Soviet-style rule seen in Baltimore CityA one-party system...


December 26, 1997

Soviet-style rule seen in Baltimore City

A one-party system with a quiescent electorate.

A dominant political administration.

A weak, rubber-stamp legislature.

Sound like the Soviet Union in its heyday? Sure, and Baltimore today.

Mayor Kurt L. Schmoke's ramming through approval of the unpopular Wyndham hotel project for big contributor and Daniel P. Henson's housing department excesses documented in The Sun follow the old Soviet strategy of supporting and perpetuating the bureaucracy at public expense.

David Kirby


Nuclear power is realistic option

We are being subjected to scare stories concerning carbon dioxide emissions, which arise from the natural burning of carbon-based material such as coal and oil.

And what is the proposed "solution"? Burn another carbon-based material -- natural gas.

There is a simple, safe, cost-effective and environmentally superior alternative -- produce electric power with nuclear power plants.

For each 100-megawatt, coal-fired plant replaced with nuclear power, we would save annually more than a million tons of carbon dioxide, thousands of tons of carbon monoxide, hydrocarbons, oxides of nitrogen, particulate matter and solid wastes.

The savings would be enormous. All that is required is to view the challenges in a realistic fashion.

Werner F. Furth


County should try two reading methods

I don't agree with the Baltimore County reading program. I don't think that whole language is the right way to teach young children to read. I think that children need to learn syllables and sounds, not one whole word at a time, plus its definition. I know that whole language is hard to teach children. When I began school, Baltimore County had just put this into the school system.

My parents are both teachers and they did not agree with this method. So, I learned both whole language and phonics. I do not think that whole language is the answer to pulling up reading scores.

I think that Baltimore County should teach children both methods. Then they would know how to say a word, break it into syllables and spell and read it. This way, children would learn the best of both techniques and teachers, parents and children would all be satisfied.

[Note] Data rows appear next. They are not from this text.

(* Let $1<p<N$, $q>0$, $\mu>0$, $g(s)=\frac{(p-1)^{q-p+1}}{\mu^q}(1+\mu s)^{p-1}|\ln(1+\mu s)|^{q-1}\ln(1+\mu s)$ for $s>-1/\mu$, and $G(s)=\int_0^sg(t)\,dt$. Then $H(s):=g(s)s-pG(s)\to+\infty$ as $s\to+\infty$. *)

theory Defs
  imports "HOL-Analysis.Analysis"
begin

definition gfun :: "real \<Rightarrow> real \<Rightarrow> real \<Rightarrow> real \<Rightarrow> real" where
  "gfun p q \<mu> s = ((p - 1) powr (q - p + 1) / \<mu> powr q) * (1 + \<mu> * s) powr (p - 1)
     * \<bar>ln (1 + \<mu> * s)\<bar> powr (q - 1) * ln (1 + \<mu> * s)"

definition Gfun :: "real \<Rightarrow> real \<Rightarrow> real \<Rightarrow> real \<Rightarrow> real" where
  "Gfun p q \<mu> s = (if 0 \<le> s then integral {0..s} (gfun p q \<mu>)
                    else - integral {s..0} (gfun p q \<mu>))"

definition Hfun :: "real \<Rightarrow> real \<Rightarrow> real \<Rightarrow> real \<Rightarrow> real" where
  "Hfun p q \<mu> s = gfun p q \<mu> s * s - p * Gfun p q \<mu> s"

end

theory Submission
  imports Defs "HOL-Real_Asymp.Real_Asymp"
begin

text \<open>For \<open>s \<ge> 0\<close> the absolute value in \<open>g\<close> is harmless and
  \<open>g(s) = C (1 + \<mu>s)^(p-1) ln(1 + \<mu>s)^q\<close>. Differentiating, \<open>H' = g' s - (p - 1) g\<close>
  simplifies to \<open>C (1 + \<mu>s)^(p-2) ln(1 + \<mu>s)^(q-1) (q\<mu>s - (p - 1) ln(1 + \<mu>s))\<close>,
  which grows like \<open>s^(p-1) ln(s)^(q-1)\<close> and so tends to infinity; a function whose
  derivative tends to infinity tends to infinity itself.\<close>

lemma filterlim_at_top_if_derivative_at_top:
  fixes f f' :: "real \<Rightarrow> real"
  assumes "\<forall>\<^sub>F x in at_top. (f has_real_derivative f' x) (at x)"
    and "filterlim f' at_top at_top"
  shows "filterlim f at_top at_top"
proof -
  have "\<forall>\<^sub>F x in at_top. (f has_real_derivative f' x) (at x) \<and> 1 \<le> f' x"
    using assms by (simp add: eventually_conj filterlim_at_top)
  then obtain a where a: "\<And>x. x \<ge> a \<Longrightarrow> (f has_real_derivative f' x) (at x) \<and> 1 \<le> f' x"
    by (auto simp: eventually_at_top_linorder)
  have linear_bound: "f a + (x - a) \<le> f x" if "a \<le> x" for x
  proof -
    have "f a - a \<le> f x - x"
    proof (rule DERIV_nonneg_imp_nondecreasing[OF that])
      fix y assume "a \<le> y"
      then have "(f has_real_derivative f' y) (at y)" "1 \<le> f' y"
        using a by auto
      then show "\<exists>d. ((\<lambda>x. f x - x) has_real_derivative d) (at y) \<and> 0 \<le> d"
        by (auto intro!: exI[of _ "f' y - 1"] derivative_eq_intros)
    qed
    then show ?thesis by simp
  qed
  have "filterlim (\<lambda>x. f a + (x - a)) at_top at_top"
    by real_asymp
  then show ?thesis
    by (rule filterlim_at_top_mono)
      (auto simp: eventually_at_top_linorder intro!: exI[of _ a] linear_bound)
qed

lemma integral_atLeastAtMost_has_real_derivative:
  fixes f :: "real \<Rightarrow> real"
  assumes "continuous_on {a..} f" "a < s"
  shows "((\<lambda>x. integral {a..x} f) has_real_derivative f s) (at s)"
proof -
  have "continuous_on {a..s + 1} f"
    using assms(1) by (rule continuous_on_subset) auto
  from integral_has_real_derivative[OF this, of s]
  have "((\<lambda>x. integral {a..x} f) has_real_derivative f s) (at s within {a..s + 1})"
    using assms(2) by simp
  moreover have "s \<in> interior {a..s + 1}"
    using assms(2) by simp
  ultimately show ?thesis
    by (metis at_within_interior)
qed

lemma gfun_eq_nonneg:
  assumes "\<mu> > 0" "s \<ge> 0"
  shows "gfun p q \<mu> s = (p - 1) powr (q - p + 1) / \<mu> powr q
    * (1 + \<mu> * s) powr (p - 1) * ln (1 + \<mu> * s) powr q"
proof -
  have "ln (1 + \<mu> * s) \<ge> 0"
    using assms by simp
  then have "\<bar>ln (1 + \<mu> * s)\<bar> powr (q - 1) * ln (1 + \<mu> * s) = ln (1 + \<mu> * s) powr q"
    by (cases "ln (1 + \<mu> * s) = 0") (simp_all add: powr_mult_base mult.commute)
  then show ?thesis
    unfolding gfun_def by (simp add: mult.assoc)
qed

lemma continuous_on_gfun:
  assumes "q > 0" "\<mu> > 0"
  shows "continuous_on {0..} (gfun p q \<mu>)"
proof -
  have pos: "1 + \<mu> * s > 0" if "s \<ge> 0" for s
    using assms that by (simp add: add_pos_nonneg)
  have "continuous_on {0..} (\<lambda>s. (p - 1) powr (q - p + 1) / \<mu> powr q
      * (1 + \<mu> * s) powr (p - 1) * ln (1 + \<mu> * s) powr q)"
    using assms pos by (auto intro!: continuous_intros continuous_on_powr' simp: less_le)
  then show ?thesis
    by (rule continuous_on_cong[THEN iffD1, rotated 2]) (auto simp: gfun_eq_nonneg assms)
qed

lemma gfun_has_real_derivative:
  assumes "\<mu> > 0" "s > 0"
  shows "(gfun p q \<mu> has_real_derivative (p - 1) powr (q - p + 1) / \<mu> powr q * \<mu>
    * (1 + \<mu> * s) powr (p - 2) * ln (1 + \<mu> * s) powr (q - 1)
    * ((p - 1) * ln (1 + \<mu> * s) + q)) (at s)"
proof -
  define C x L where "C = (p - 1) powr (q - p + 1) / \<mu> powr q"
    and "x = 1 + \<mu> * s" and "L = ln x"
  have "x > 1"
    using assms by (simp add: x_def)
  then have "L > 0"
    by (simp add: L_def)
  have x_powr: "x powr (p - 1) = x powr (p - 2) * x" and L_powr: "L powr q = L powr (q - 1) * L"
    using powr_mult_base[of x "p - 2"] powr_mult_base[of L "q - 1"] \<open>x > 1\<close> \<open>L > 0\<close>
    by (simp_all add: mult.commute)
  have "((\<lambda>t. C * (1 + \<mu> * t) powr (p - 1) * ln (1 + \<mu> * t) powr q) has_real_derivative
      C * ((p - 1) * \<mu> * x powr (p - 2) * L powr q + x powr (p - 1) * q * L powr (q - 1) * \<mu> / x))
      (at s)"
    using \<open>x > 1\<close> \<open>L > 0\<close> unfolding x_def L_def
    by (auto intro!: derivative_eq_intros simp: field_simps)
  also have "C * ((p - 1) * \<mu> * x powr (p - 2) * L powr q + x powr (p - 1) * q * L powr (q - 1) * \<mu> / x)
      = C * \<mu> * x powr (p - 2) * L powr (q - 1) * ((p - 1) * L + q)"
    using \<open>x > 1\<close> unfolding x_powr L_powr by (simp add: field_simps)
  finally show ?thesis
    unfolding C_def x_def L_def
    by (rule has_field_derivative_transform_within_open[where S = "{0<..}"])
      (use assms in \<open>auto simp: gfun_eq_nonneg\<close>)
qed

lemma Gfun_has_real_derivative:
  assumes "q > 0" "\<mu> > 0" "s > 0"
  shows "(Gfun p q \<mu> has_real_derivative gfun p q \<mu> s) (at s)"
  using integral_atLeastAtMost_has_real_derivative[OF continuous_on_gfun[OF assms(1,2)] assms(3)]
  by (rule has_field_derivative_transform_within_open[where S = "{0<..}"])
    (use assms(3) in \<open>auto simp: Gfun_def\<close>)

lemma Hfun_has_real_derivative:
  assumes "q > 0" "\<mu> > 0" "s > 0"
  shows "(Hfun p q \<mu> has_real_derivative (p - 1) powr (q - p + 1) / \<mu> powr q
    * (1 + \<mu> * s) powr (p - 2) * ln (1 + \<mu> * s) powr (q - 1)
    * (q * \<mu> * s - (p - 1) * ln (1 + \<mu> * s))) (at s)"
proof -
  define C x L where "C = (p - 1) powr (q - p + 1) / \<mu> powr q"
    and "x = 1 + \<mu> * s" and "L = ln x"
  have "x > 1"
    using assms by (simp add: x_def)
  then have "x powr (p - 1) = x powr (p - 2) * x" and "L powr q = L powr (q - 1) * L"
    using powr_mult_base[of x "p - 2"] powr_mult_base[of L "q - 1"] by (simp_all add: L_def mult.commute)
  then have gfun_s: "gfun p q \<mu> s = C * x powr (p - 2) * L powr (q - 1) * (x * L)"
    using assms by (simp add: gfun_eq_nonneg C_def flip: x_def L_def)
  have "Hfun p q \<mu> = (\<lambda>s. gfun p q \<mu> s * s - p * Gfun p q \<mu> s)"
    by (simp add: Hfun_def fun_eq_iff)
  moreover have "((\<lambda>s. gfun p q \<mu> s * s - p * Gfun p q \<mu> s) has_real_derivative
      C * \<mu> * x powr (p - 2) * L powr (q - 1) * ((p - 1) * L + q) * s
      + gfun p q \<mu> s - p * gfun p q \<mu> s) (at s)"
    using assms unfolding C_def x_def L_def
    by (auto intro!: derivative_eq_intros gfun_has_real_derivative Gfun_has_real_derivative)
  moreover have "C * \<mu> * x powr (p - 2) * L powr (q - 1) * ((p - 1) * L + q) * s
      + gfun p q \<mu> s - p * gfun p q \<mu> s
      = C * x powr (p - 2) * L powr (q - 1) * (q * \<mu> * s - (p - 1) * L)"
    unfolding gfun_s x_def by (simp add: algebra_simps)
  ultimately show ?thesis
    by (simp add: C_def x_def L_def)
qed

theorem lemma3p1:
  fixes p q \<mu> :: real and N :: nat
  assumes "1 < p" "p < real N" "q > 0" "\<mu> > 0"
  shows "filterlim (Hfun p q \<mu>) at_top at_top"
proof -
  define C where "C = (p - 1) powr (q - p + 1) / \<mu> powr q"
  have "C > 0"
    using assms by (simp add: C_def)
  have "\<forall>\<^sub>F s in at_top. (Hfun p q \<mu> has_real_derivative C
      * (1 + \<mu> * s) powr (p - 2) * ln (1 + \<mu> * s) powr (q - 1)
      * (q * \<mu> * s - (p - 1) * ln (1 + \<mu> * s))) (at s)"
    using eventually_gt_at_top[of 0] unfolding C_def
    by eventually_elim (rule Hfun_has_real_derivative[OF assms(3,4)])
  moreover have "filterlim (\<lambda>s. C * (1 + \<mu> * s) powr (p - 2) * ln (1 + \<mu> * s) powr (q - 1)
      * (q * \<mu> * s - (p - 1) * ln (1 + \<mu> * s))) at_top at_top"
    using assms \<open>C > 0\<close> by real_asymp
  ultimately show ?thesis
    by (rule filterlim_at_top_if_derivative_at_top)
qed

end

Will it raise scores? Will it make children better readers?

No one knows but it is sure worth the effort.

Jen Harger

Perry Hall

The writer is a sixth grader at Perry Hall Middle School.

Only stench comes from news story

In her Dec. 18 article, "Residents cry foul over odor," Heather Dewar did not mention one important observation she made during her visit to Wagner's Point.

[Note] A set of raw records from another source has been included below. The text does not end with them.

lemma expectation_cut_dist_bar_mix_le:
  assumes fin: "finite \<Omega>" and ne: "\<Omega> \<noteq> {}" and supp: "set_pmf \<mu> \<subseteq> configs n \<Omega>" and T: "1 \<le> T" "Suc T \<le> n"
  shows "measure_pmf.expectation (rand_subset n (pmf_of_set {1..T}))
     (\<lambda>I. cut_dist n \<Omega> \<mu> (bar_mix n \<Omega> \<mu> I)) \<le> sqrt (1 / real n + 1 / sqrt (real T))"
proof -
  let ?S = "rand_subset n (pmf_of_set {1..T})"
  let ?R = "rand_pin n (pmf_of_set {1..T}) \<mu>"
  define h where "h = (\<lambda>p. sqrt (sq_cov_sum n \<Omega> (cond_dist n \<Omega> \<mu> (fst p) (snd p))) / real n)"
  define g where "g = (\<lambda>I. measure_pmf.expectation (marg \<mu> I) (\<lambda>\<sigma>. h (I, \<sigma>)))"
  have \<Theta>: "\<And>\<theta>. \<theta> \<in> set_pmf (pmf_of_set {1..T}) \<Longrightarrow> \<theta> \<le> n" using T by auto
  have finS: "finite (set_pmf ?S)" by (rule finite_set_pmf_rand_subset[OF \<Theta>])
  have n0: "n > 0" using T by simp
  have int: "\<And>g::_ \<Rightarrow> real. integrable ?S g" by (rule integrable_measure_pmf_finite[OF finS])
  have g0: "\<And>I. 0 \<le> g I" unfolding g_def h_def by (intro integral_nonneg_AE AE_pmfI) (simp add: sq_cov_sum_nonneg)
  have "measure_pmf.expectation ?S (\<lambda>I. cut_dist n \<Omega> \<mu> (bar_mix n \<Omega> \<mu> I))
     \<le> measure_pmf.expectation ?S (\<lambda>I. sqrt (1 / real n + g I))"
  proof (rule integral_mono_AE[OF int int], rule AE_pmfI)
    fix I
    have "cut_dist n \<Omega> \<mu> (bar_mix n \<Omega> \<mu> I) \<le>
     sqrt (1 / real n + measure_pmf.expectation (marg \<mu> I) (\<lambda>\<sigma>. sqrt (sq_cov_sum n \<Omega> (cond_dist n \<Omega> \<mu> I \<sigma>))) / real n)"
      by (rule cut_dist_bar_mix_le[OF fin ne n0 supp])
    also have "measure_pmf.expectation (marg \<mu> I) (\<lambda>\<sigma>. sqrt (sq_cov_sum n \<Omega> (cond_dist n \<Omega> \<mu> I \<sigma>))) / real n = g I"
      unfolding g_def h_def by simp
    finally show "cut_dist n \<Omega> \<mu> (bar_mix n \<Omega> \<mu> I) \<le> sqrt (1 / real n + g I)" .
  qed
  also have "\<dots> \<le> sqrt (measure_pmf.expectation ?S (\<lambda>I. 1 / real n + g I))"
    by (rule expectation_sqrt_le[OF finS]) (use g0 in auto)
  also have "measure_pmf.expectation ?S (\<lambda>I. 1 / real n + g I) = 1 / real n + measure_pmf.expectation ?S g"
    using int by simp
  also have "measure_pmf.expectation ?S g = measure_pmf.expectation ?R h"
    unfolding g_def by (rule expectation_rand_pin[OF fin supp \<Theta>, symmetric])
  also have "1 / real n + \<dots> \<le> 1 / real n + 1 / sqrt (real T)"
    using expectation_rand_pin_sqrt_sq_cov_sum_le[OF fin supp T] unfolding h_def by simp
  finally show ?thesis by simp
qed

lemma ln_2_ge_half: "1/2 \<le> ln (2::real)"
proof -
  have "exp (1/2::real) \<le> 2"
  proof (rule ccontr)
    assume "\<not> exp (1/2::real) \<le> 2"
    then have "2 * 2 < exp (1/2::real) * exp (1/2)" by (intro mult_strict_mono) auto
    also have "\<dots> = exp 1" by (simp add: exp_add[symmetric])
    finally show False using exp_le by simp
  qed
  then show ?thesis using ln_ge_iff[of 2 "1/2"] by simp
qed

lemma pinning_depth_lt:
  fixes \<epsilon> :: real
  assumes \<epsilon>: "0 < \<epsilon>" "\<epsilon> < 1/2" and k: "2 \<le> k"
  shows "real (nat \<lceil>4 / \<epsilon>^4\<rceil> + 1) < (2 * ln (real k) / \<epsilon>) powr 10"
proof -
  define x where "x = 1 / \<epsilon>"
  have x2: "2 \<le> x" unfolding x_def using \<epsilon> by (simp add: field_simps)
  have "ln 2 \<le> ln (real k)" using k by simp
  then have "1/2 \<le> ln (real k)" using ln_2_ge_half by linarith
  then have x_le: "x \<le> 2 * ln (real k) / \<epsilon>" unfolding x_def using \<epsilon> by (simp add: divide_right_mono)
  have "real (nat \<lceil>4 / \<epsilon>^4\<rceil> + 1) \<le> 4 * x^4 + 2"
    unfolding x_def using \<epsilon> by (simp add: power_one_over) linarith
  also have "\<dots> < x^10"
  proof -
    have "16 \<le> x^4" "64 \<le> x^6" using power_mono[OF x2, of 4] power_mono[OF x2, of 6] by simp_all
    then have "x^4 * 64 \<le> x^4 * x^6" by (intro mult_left_mono) auto
    then show ?thesis using \<open>16 \<le> x^4\<close> by (simp add: power_add[symmetric])
  qed
  also have "\<dots> \<le> (2 * ln (real k) / \<epsilon>)^10" using x_le x2 by (intro power_mono) auto
  also have "\<dots> = (2 * ln (real k) / \<epsilon>) powr 10" using x_le x2 by (simp add: powr_numeral)
  finally show ?thesis .
qed

lemma pinning_error_lt:
  fixes \<epsilon> :: real
  assumes \<epsilon>: "0 < \<epsilon>" and T: "4 / \<epsilon>^4 \<le> real T" and n: "2 / \<epsilon>^2 < real n"
  shows "sqrt (1 / real n + 1 / sqrt (real T)) < \<epsilon>"
proof -
  have pos: "0 < 2 / \<epsilon>^2" using \<epsilon> by simp
  then have "0 < real n" using n by linarith
  moreover have "2 < real n * \<epsilon>^2" using n \<epsilon> by (simp add: field_simps)
  ultimately have "1 / real n < \<epsilon>^2 / 2" by (simp add: field_simps)
  moreover have "1 / sqrt (real T) \<le> \<epsilon>^2 / 2"
  proof -
    have "sqrt (4 / \<epsilon>^4) = 2 / \<epsilon>^2"
      using \<epsilon> by (simp add: real_sqrt_divide power4_eq_xxxx power2_eq_square real_sqrt_mult)
    then have "2 / \<epsilon>^2 \<le> sqrt (real T)" using T real_sqrt_le_mono by metis
    moreover have "0 < sqrt (real T) * (2 / \<epsilon>^2)" using calculation pos by (intro mult_pos_pos) linarith+
    ultimately have "1 / sqrt (real T) \<le> 1 / (2 / \<epsilon>^2)" by (intro divide_left_mono) auto
    then show ?thesis by simp
  qed
  ultimately have "sqrt (1 / real n + 1 / sqrt (real T)) < sqrt (\<epsilon>^2)"
    by (intro real_sqrt_less_mono) linarith
  then show ?thesis using \<epsilon> by simp
qed

theorem theorem2p4:
  shows "\<exists>c::real. c > 0 \<and>
    (\<forall>\<Omega>::nat set. finite \<Omega> \<and> card \<Omega> \<ge> 2 \<longrightarrow>
      (\<forall>\<epsilon>::real. 0 < \<epsilon> \<and> \<epsilon> < 1/2 \<longrightarrow>
        (\<exists>n0::nat. n0 > 0 \<and> (\<exists>\<Theta>::nat pmf.
          (\<forall>\<theta>\<in>set_pmf \<Theta>. 0 < \<theta> \<and> real \<theta> < (2 * ln (real (card \<Omega>)) / \<epsilon>) powr c \<and> \<theta> \<le> n0) \<and>
          (\<forall>n::nat. n > n0 \<longrightarrow> (\<forall>\<mu>::(nat \<Rightarrow> nat) pmf. set_pmf \<mu> \<subseteq> configs n \<Omega> \<longrightarrow>
             measure_pmf.expectation (rand_pin n \<Theta> \<mu>)
               (\<lambda>(I, \<sigma>). cut_dist n \<Omega> (cond_dist n \<Omega> \<mu> I \<sigma>) (prod_marg n (cond_dist n \<Omega> \<mu> I \<sigma>))) < \<epsilon> \<and>
             measure_pmf.expectation (rand_subset n \<Theta>)
               (\<lambda>I. cut_dist n \<Omega> \<mu> (bar_mix n \<Omega> \<mu> I)) < \<epsilon>))))))"
proof (intro exI[of _ "10::real"] conjI allI impI, goal_cases)
  case (2 \<Omega> \<epsilon>)
  then have fin: "finite \<Omega>" and ne: "\<Omega> \<noteq> {}" and card: "2 \<le> card \<Omega>"
    and \<epsilon>: "0 < \<epsilon>" "\<epsilon> < 1/2" by auto
  define T where "T = nat \<lceil>4 / \<epsilon>^4\<rceil> + 1"
  define n0 where "n0 = T + nat \<lceil>2 / \<epsilon>^2\<rceil>"
  have T: "1 \<le> T" "4 / \<epsilon>^4 \<le> real T" unfolding T_def by linarith+
  have depth: "real T < (2 * ln (real (card \<Omega>)) / \<epsilon>) powr 10"
    unfolding T_def by (rule pinning_depth_lt[OF \<epsilon> card])
  have theta: "0 < \<theta> \<and> real \<theta> < (2 * ln (real (card \<Omega>)) / \<epsilon>) powr 10 \<and> \<theta> \<le> n0"
    if "\<theta> \<in> set_pmf (pmf_of_set {1..T})" for \<theta>
  proof -
    have "1 \<le> \<theta>" "\<theta> \<le> T" using that T(1) by auto
    then show ?thesis using depth unfolding n0_def by simp
  qed
  have pinning: "measure_pmf.expectation (rand_pin n (pmf_of_set {1..T}) \<mu>)
        (\<lambda>(I, \<sigma>). cut_dist n \<Omega> (cond_dist n \<Omega> \<mu> I \<sigma>) (prod_marg n (cond_dist n \<Omega> \<mu> I \<sigma>))) < \<epsilon> \<and>
      measure_pmf.expectation (rand_subset n (pmf_of_set {1..T})) (\<lambda>I. cut_dist n \<Omega> \<mu> (bar_mix n \<Omega> \<mu> I)) < \<epsilon>"
    if n: "n0 < n" and \<mu>: "set_pmf \<mu> \<subseteq> configs n \<Omega>" for n \<mu>
  proof -
    have "Suc T \<le> n" "2 / \<epsilon>^2 < real n" using n unfolding n0_def by linarith+
    then show ?thesis
      using pinning_error_lt[OF \<epsilon>(1) T(2)] expectation_cut_dist_cond_dist_le[OF fin ne \<mu> T(1)]
        expectation_cut_dist_bar_mix_le[OF fin ne \<mu> T(1)] by fastforce
  qed
  show ?case
    using theta pinning T(1) by (intro exI[of _ n0] exI[of _ "pmf_of_set {1..T}"] conjI) (auto simp: n0_def)
qed simp

end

She emphatically told me that she didn't detect any odors in the community emanating from the Patapsco Wastewater Treatment Plant. So let me get this correct. The Department of Public Works has not received any complaints about odors.

The Maryland Department of Environment has not received any odor complaints. The Sun reporter didn't notice a problem.

I hate to say it, but the odor is coming from a stinky story.

Kurt L. Kocher


The writer is public relations chief for the Baltimore Department of Public Works.

U.S. repeating shipbreaking folly

The Sun has performed an enormously valuable public service by publishing the recent series on the disturbing environmental and labor safety problems associated with the shipbreaking industry both domestically and overseas.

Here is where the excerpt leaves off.